# Sauron's greatest Blunder



## Parsifal (Jan 6, 2011)

There are many posts and questions about Sauron not simply guarding Mount Doom, suggesting this was an un-understandable mistake. It is clear however Sauron was convinced anyone who claimed the Ring would use it for himself. The thought that any creature could choose to destroy such a potent source of Power simply did not exist in his mind, which fits perfectly into his character

I spotted another blunder however, though on a much smaller scale, ultimately leading to his demise in sevaral ways.

Though all sides eventually found out the Ring was lost at the Gladden Fields, noone knew exactly were it was or wheter it had been found. Even after Bilbo took the Ring from Gollum, Gandalf needed a long time to even begin to suspect this could be the One Ring, though he mistrusted it from the start.

When Gollum ventured into Mordor and was captured Sauron was the first one to find out the whole truth. He now knew the entire history of the Ring after he lost it, knew were it was and had a good idea who had it.
Because of his (flawed) wisdom, that any creature would claim the Ring as his own, he set Gollum free, knowing that Gollum would never stop hunting the Ring. Gollum was no danger to Sauron ofcours, it would be much easier to take the Ring of him then of some Lord of Men or Elves, one of the Wise, or even a Great Orc.
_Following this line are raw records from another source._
lemma lin_span_mono:
  assumes "finite H" "G \<subseteq> H"
  shows "lin_span G \<subseteq> lin_span H"
proof
  fix x assume "x \<in> lin_span G"
  then obtain c where "x = (\<lambda>i. \<Sum>g\<in>G. smult_vec (c g) g i)"
    by (auto simp: lin_span_def smult_vec_def)
  also have "\<dots> \<in> lin_span H"
    using assms lin_span_superset[OF assms(1)]
    by (intro lin_span_sum) (auto intro: lin_span_smult_vec finite_subset)
  finally show "x \<in> lin_span H" .
qed

lemma submod_lin_span: "finite G \<Longrightarrow> G \<subseteq> freemod n \<Longrightarrow> submod n (lin_span G)"
  using lin_span_subset_submod[OF _ _ submod_freemod]
  by (auto simp: submod_def intro: lin_span_zero lin_span_add lin_span_smult_vec)

lemma restriction_in_lin_span:
  assumes "finite A" "finite H" "(\<lambda>i. smult_vec c (unit_vec i)) ` A \<subseteq> H"
  shows "(\<lambda>j. if j \<in> A then c * x j else 0) \<in> lin_span H"
proof -
  have "(\<lambda>j. if j \<in> A then c * x j else 0) =
      (\<lambda>j. \<Sum>i\<in>A. smult_vec (x i) (smult_vec c (unit_vec i)) j)"
    using assms(1)
    by (simp add: smult_vec_def unit_vec_def of_bool_def if_distrib if_distribR mult.commute
        cong: if_cong)
  also have "\<dots> \<in> lin_span H"
    using assms lin_span_superset[OF assms(2)]
    by (intro lin_span_sum) (auto intro: lin_span_smult_vec)
  finally show ?thesis .
qed

lemma ideal_sum:
  assumes "is_ideal I" "finite F" "\<forall>j\<in>F. f j \<in> I"
  shows "sum f F \<in> I"
  using assms(2,3) by (induct F rule: finite_induct) (use assms(1) in \<open>auto simp: is_ideal_def\<close>)

lemma ideal_mult: "is_ideal I \<Longrightarrow> x \<in> I \<Longrightarrow> r * x \<in> I"
  unfolding is_ideal_def by blast

lemma lmap_in_ideal: "is_ideal I \<Longrightarrow> \<forall>i<n. a i \<in> I \<Longrightarrow> lmap n a x \<in> I"
  unfolding lmap_def by (auto intro: ideal_sum ideal_mult)

lemma is_ideal_lmap_image: "is_ideal (lmap n a ` freemod n)"
proof -
  have "(\<lambda>i. x i + y i) \<in> freemod n" if "x \<in> freemod n" "y \<in> freemod n" for x y
    using that by (simp add: freemod_def)
  moreover have "smult_vec r x \<in> freemod n" if "x \<in> freemod n" for x r
    using that by (simp add: freemod_def smult_vec_def)
  moreover have "0 \<in> lmap n a ` freemod n"
    by (rule image_eqI[where x="\<lambda>i. 0"]) (simp_all add: lmap_zero freemod_def)
  ultimately show ?thesis
    unfolding is_ideal_def by (auto simp flip: lmap_add lmap_smult_vec intro!: imageI)
qed

lemma lmap_image_contains_coeffs: "i < n \<Longrightarrow> a i \<in> lmap n a ` freemod n"
  using unit_vec_in_freemod[of i n 1] by (auto simp: lmap_unit_vec smult_vec_def intro!: image_eqI)

lemma fg_ideal_imp_lmap_image:
  assumes "fg_ideal I"
  obtains k b where "lmap k b ` freemod k = I"
proof -
  obtain A where A: "finite A" "I = ideal_gen A"
    using assms by (auto simp: fg_ideal_def)
  define k where "k = card A"
  obtain b where b: "bij_betw b {..<k} A"
    using ex_bij_betw_nat_finite[OF A(1)] by (auto simp: k_def atLeast0LessThan)
  have sum_A: "(\<Sum>a\<in>A. c a * a) = (\<Sum>i<k. c (b i) * b i)" for c
    using sum.reindex_bij_betw[OF b, of "\<lambda>a. c a * a"] by simp
  have "lmap k b ` freemod k \<subseteq> ideal_gen A"
  proof
    fix y assume "y \<in> lmap k b ` freemod k"
    then obtain x where "y = lmap k b x" by auto
    also have "\<dots> = (\<Sum>i<k. x (inv_into {..<k} b (b i)) * b i)"
      using b unfolding lmap_def by (intro sum.cong) (auto simp: bij_betw_def)
    also have "\<dots> = (\<Sum>a\<in>A. x (inv_into {..<k} b a) * a)"
      by (rule sum_A[symmetric])
    finally show "y \<in> ideal_gen A"
      unfolding ideal_gen_def by (intro CollectI exI)
  qed
  moreover have "ideal_gen A \<subseteq> lmap k b ` freemod k"
  proof
    fix y assume "y \<in> ideal_gen A"
    then obtain c where "y = (\<Sum>a\<in>A. c a * a)" by (auto simp: ideal_gen_def)
    also have "\<dots> = lmap k b (\<lambda>i. if i < k then c (b i) else 0)"
      unfolding sum_A lmap_def by simp
    finally show "y \<in> lmap k b ` freemod k"
      by (auto simp: freemod_def)
  qed
  ultimately show ?thesis
    using that A(2) by blast
qed

lemma S_finite_wrt_dvd:
  assumes "S_finite_wrt s K" "s dvd t"
  shows "S_finite_wrt t K"
proof -
  obtain G where G: "finite G" "G \<subseteq> K" "\<forall>x\<in>K. smult_vec s x \<in> lin_span G"
    using assms(1) by (auto simp: S_finite_wrt_def)
  obtain u where "t = s * u"
    using assms(2) by (auto elim: dvdE)
  then have "smult_vec t x = smult_vec u (smult_vec s x)" for x
    by (simp add: smult_vec_def mult_ac)
  then show ?thesis
    unfolding S_finite_wrt_def using G lin_span_smult_vec by metis
qed

lemma fg_submod_imp_S_finite_wrt: "fg_submod K \<Longrightarrow> S_finite_wrt s K"
  unfolding fg_submod_def S_finite_wrt_def by (auto intro: lin_span_smult_vec)

lemma power_idempotent_exists:
  fixes x :: "'a::monoid_mult"
  assumes "finite (range (\<lambda>n::nat. x ^ n))"
  obtains n where "n > 0" "x ^ n * x ^ n = x ^ n"
proof -
  have "\<not> inj (\<lambda>n::nat. x ^ n)"
    using assms finite_imageD by blast
  then obtain p q :: nat where "p < q" "x ^ p = x ^ q"
    unfolding inj_def by (metis linorder_neq_iff)
  define d where "d = q - p"
  have "d > 0" and q: "q = p + d"
    using \<open>p < q\<close> by (auto simp: d_def)
  have shift: "x ^ (j + d) = x ^ j" if "p \<le> j" for j
  proof -
    have "x ^ (j + d) = x ^ (j - p) * x ^ q"
      using that by (simp add: q flip: power_add)
    also have "\<dots> = x ^ j"
      using that by (simp add: \<open>x ^ p = x ^ q\<close>[symmetric] flip: power_add)
    finally show ?thesis .
  qed
  have periodic: "x ^ (j + d * r) = x ^ j" if "p \<le> j" for j r
  proof (induct r)
    case (Suc r)
    have "x ^ (j + d * Suc r) = x ^ ((j + d * r) + d)"
      by (simp add: algebra_simps)
    also have "\<dots> = x ^ j"
      using that Suc by (subst shift) simp_all
    finally show ?case .
  qed simp
  define n where "n = d * (p + 1)"
  have "p \<le> d * p"
    using \<open>d > 0\<close> by simp
  then have "p < n"
    unfolding n_def distrib_left using \<open>d > 0\<close> by linarith
  then have "x ^ n * x ^ n = x ^ n"
    using periodic[of n "p + 1"] by (simp add: n_def flip: power_add)
  with \<open>p < n\<close> show ?thesis
    using that[of n] by simp
qed

lemma mult_subset_power: "mult_subset S \<Longrightarrow> x \<in> S \<Longrightarrow> x ^ n \<in> S"
  by (induct n) (auto simp: mult_subset_def)

lemma mult_subset_prod:
  assumes "mult_subset S" "finite F" "F \<subseteq> S"
  shows "\<Prod>F \<in> S"
  using assms(2,3) by (induct F rule: finite_induct) (use assms(1) in \<open>auto simp: mult_subset_def\<close>)

lemma mult_subset_idempotent:
  assumes "mult_subset S" "finite S"
  obtains e where "e \<in> S" "e * e = e" "\<forall>t\<in>S. t dvd e"
proof -
  define s where "s = \<Prod>S"
  have "s \<in> S"
    unfolding s_def using assms by (simp add: mult_subset_prod)
  then have "range (\<lambda>n::nat. s ^ n) \<subseteq> S"
    using assms(1) mult_subset_power by blast
  then have "finite (range (\<lambda>n::nat. s ^ n))"
    using assms(2) finite_subset by blast
  then obtain n where "n > 0" "s ^ n * s ^ n = s ^ n"
    by (rule power_idempotent_exists)
  moreover have "t dvd s ^ n" if "t \<in> S" for t
  proof -
    have "t dvd s"
      unfolding s_def using assms(2) that by (rule dvd_prodI)
    also have "s dvd s ^ n"
      using \<open>n > 0\<close> by simp
    finally show ?thesis .
  qed
  ultimately show ?thesis
    using that mult_subset_power[OF assms(1) \<open>s \<in> S\<close>] by blast
qed
lemma Inter_gain_hyp_not_subset:
  fixes Q :: "nat \<Rightarrow> 'a::euclidean_space"
  assumes inj: "inj_on Q {1..n}" and ai: "\<not> affine_dependent (Q ` {1..n})"
    and g: "gain_graph n E ends" and S: "balanced_flat n E ends phi S" and e: "e \<in> E - S"
  shows "\<not> (\<Inter>e\<in>S. gain_hyp Q ends phi e) \<subseteq> gain_hyp Q ends phi e"
proof
  let ?s = "\<Inter>e\<in>S. gain_hyp Q ends phi e" and ?R = "comp_rel {1..n} (edge_adj ends S)"
  assume sub: "?s \<subseteq> gain_hyp Q ends phi e"
  obtain i j where ee: "ends e = (i,j)" by fastforce
  have gS: "gain_graph n S ends" using g S gain_graph_subset unfolding balanced_flat_def by blast
  obtain y where y: "potential ends phi S y"
    using balanced_imp_potential[OF gS] S unfolding balanced_flat_def by blast
  have he: "(dist P (Q i))\<^sup>2 - (dist P (Q j))\<^sup>2 = phi e" if "P \<in> ?s" for P
    using sub that ee unfolding gain_hyp_def by auto
  obtain P where P: "P \<in> ?s" "\<forall>i\<in>{1..n}. \<forall>j\<in>{1..n}. (dist P (Q i))\<^sup>2 - (dist P (Q j))\<^sup>2 = y i - y j"
    using affine_independent_realizes_potential[OF inj ai gS y] by blast
  show False
  proof (cases "(i,j) \<in> ?R")
    case True
    \<comment> \<open>then P's squared distances make insert e S balanced, against closedness of the flat\<close>
    have "potential ends phi (insert e S) (\<lambda>i. (dist P (Q i))\<^sup>2)"
      using P(1) he[OF P(1)] ee unfolding mem_Inter_gain_hyp_iff potential_def by auto
    then have "balanced ends phi (insert e S)" by (rule potential_imp_balanced)
    then show False using S e True ee unfolding balanced_flat_def by auto
  next
    case False
    \<comment> \<open>then shifting y on the component of i yields a second point of ?s with another gain on e\<close>
    let ?y' = "\<lambda>v. y v + (if v \<in> ?R `` {i} then 1 else 0)"
    have "potential ends phi S ?y'"
      using potential_shift_component[OF y] gS unfolding gain_graph_def by blast
    then obtain P' where P': "P' \<in> ?s" "\<forall>i\<in>{1..n}. \<forall>j\<in>{1..n}. (dist P' (Q i))\<^sup>2 - (dist P' (Q j))\<^sup>2 = ?y' i - ?y' j"
      using affine_independent_realizes_potential[OF inj ai gS] by blast
    have ij: "i \<in> {1..n}" "j \<in> {1..n}" using g e ee unfolding gain_graph_def by force+
    have "?y' i - ?y' j = y i - y j + 1" using False by (auto simp: comp_rel_def)
    then show False using P(2) P'(2) he[OF P(1)] he[OF P'(1)] ij by auto
  qed
qed
lemma Tm_Gcl_Tinv:
  assumes P: "P \<in> carrier_mat p m" and K: "K \<in> carrier_mat m p" and H: "H \<in> carrier_mat m p"
    and L: "L \<in> carrier_mat (2 * p) p"
  shows "Tm p * Gcl p m P K H L * Tinv p
    = four_block_mat (1\<^sub>m p - P * K) (- (P * H * Fm p)) (0\<^sub>m (2 * p) p) (Abar p - L * Cbar p)"
  unfolding Tm_eq_shear_mat Tinv_eq_shear_mat Gcl_def transpose_Cbar_mult[OF P, symmetric]
  by (rule shear_mat_conj_observer_closed_loop[OF P K H L Abar_carrier Cbar_carrier Fm_carrier
        transpose_carrier_mat[THEN iffD2, OF Cbar_carrier] Fm_mult_transpose_Cbar
        Cbar_mult_transpose_Cbar Abar_mult_transpose_Cbar])

lemma Tm_Tinv_inverse:
  shows "Tm p * Tinv p = 1\<^sub>m (p + 2 * p)" and "Tinv p * Tm p = 1\<^sub>m (p + 2 * p)"
  unfolding Tm_eq_shear_mat Tinv_eq_shear_mat
  using shear_mat_uminus_inverse[OF transpose_carrier_mat[THEN iffD2, OF Cbar_carrier]] by simp_all

lemma Gcl_carrier:
  assumes P: "P \<in> carrier_mat p m" and K: "K \<in> carrier_mat m p" and H: "H \<in> carrier_mat m p"
    and L: "L \<in> carrier_mat (2 * p) p"
  shows "Gcl p m P K H L \<in> carrier_mat (p + 2 * p) (p + 2 * p)"
  unfolding Gcl_def using P K H L Abar_carrier Cbar_carrier Fm_carrier Bbar_carrier
    mult_carrier_mat[OF mult_carrier_mat[OF Bbar_carrier H] Fm_carrier]
  by (intro four_block_carrier_mat) (auto intro!: minus_carrier_mat)

lemma char_poly_Gcl:
  assumes P: "P \<in> carrier_mat p m" and K: "K \<in> carrier_mat m p" and H: "H \<in> carrier_mat m p"
    and L: "L \<in> carrier_mat (2 * p) p"
  shows "char_poly (Gcl p m P K H L) = char_poly (1\<^sub>m p - P * K) * char_poly (Abar p - L * Cbar p)"
proof -
  let ?M = "four_block_mat (1\<^sub>m p - P * K) (- (P * H * Fm p)) (0\<^sub>m (2 * p) p) (Abar p - L * Cbar p)"
  have A: "1\<^sub>m p - P * K \<in> carrier_mat p p"
    using P K by (auto intro!: minus_carrier_mat)
  have B: "- (P * H * Fm p) \<in> carrier_mat p (2 * p)"
    using mult_carrier_mat[OF mult_carrier_mat[OF P H] Fm_carrier] by simp
  have D: "Abar p - L * Cbar p \<in> carrier_mat (2 * p) (2 * p)"
    using L Cbar_carrier by (auto intro!: minus_carrier_mat)
  have T: "Tm p \<in> carrier_mat (p + 2 * p) (p + 2 * p)" "Tinv p \<in> carrier_mat (p + 2 * p) (p + 2 * p)"
    unfolding Tm_eq_shear_mat Tinv_eq_shear_mat by (rule shear_mat_carrier)+
  have "similar_mat ?M (Gcl p m P K H L)"
    using four_block_carrier_mat[OF A D] Gcl_carrier[OF P K H L] T Tm_Tinv_inverse
      Tm_Gcl_Tinv[OF P K H L, symmetric]
    by (intro similar_matI[where P = "Tm p" and Q = "Tinv p" and n = "p + 2 * p"]) auto
  then have "char_poly (Gcl p m P K H L) = char_poly ?M"
    by (rule char_poly_similar[OF similar_mat_sym])
  also have "\<dots> = char_poly (1\<^sub>m p - P * K) * char_poly (Abar p - L * Cbar p)"
    by (rule char_poly_four_block_mat_lower_left_zero[OF A B D])
  finally show ?thesis .
qed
Either way, Gollum would leave behind another trail, making it easier for Sauron's hunters to locate the Ring-bearer.

In doing so however, Sauron also released his monopoly on information. He allowed Gandalf to capture Gollum and extract the same intel, and even worse, alarm the Wise of what he knew.
If he had not let Gollum go free, Gandalf would have never known for sure the Frodo's Ring was the One, and may not (or too late) have set him on his flight to Rivendell.
Even if this had happened anyway, without Gollum Frodo would still have failed at Mount Doom or even at the Black Gate, though that is all in hindsight ofcours.

Anyway, just giving the Wise a chance to find out what He knew was a magnificant blunder, and I find it hard to justify this one when measuring pro's and cons for Gollums release against each other.
Any thoughts on this?


----------



## Alcuin (Jan 6, 2011)

*Parsifal*, I think that’s a really good point. 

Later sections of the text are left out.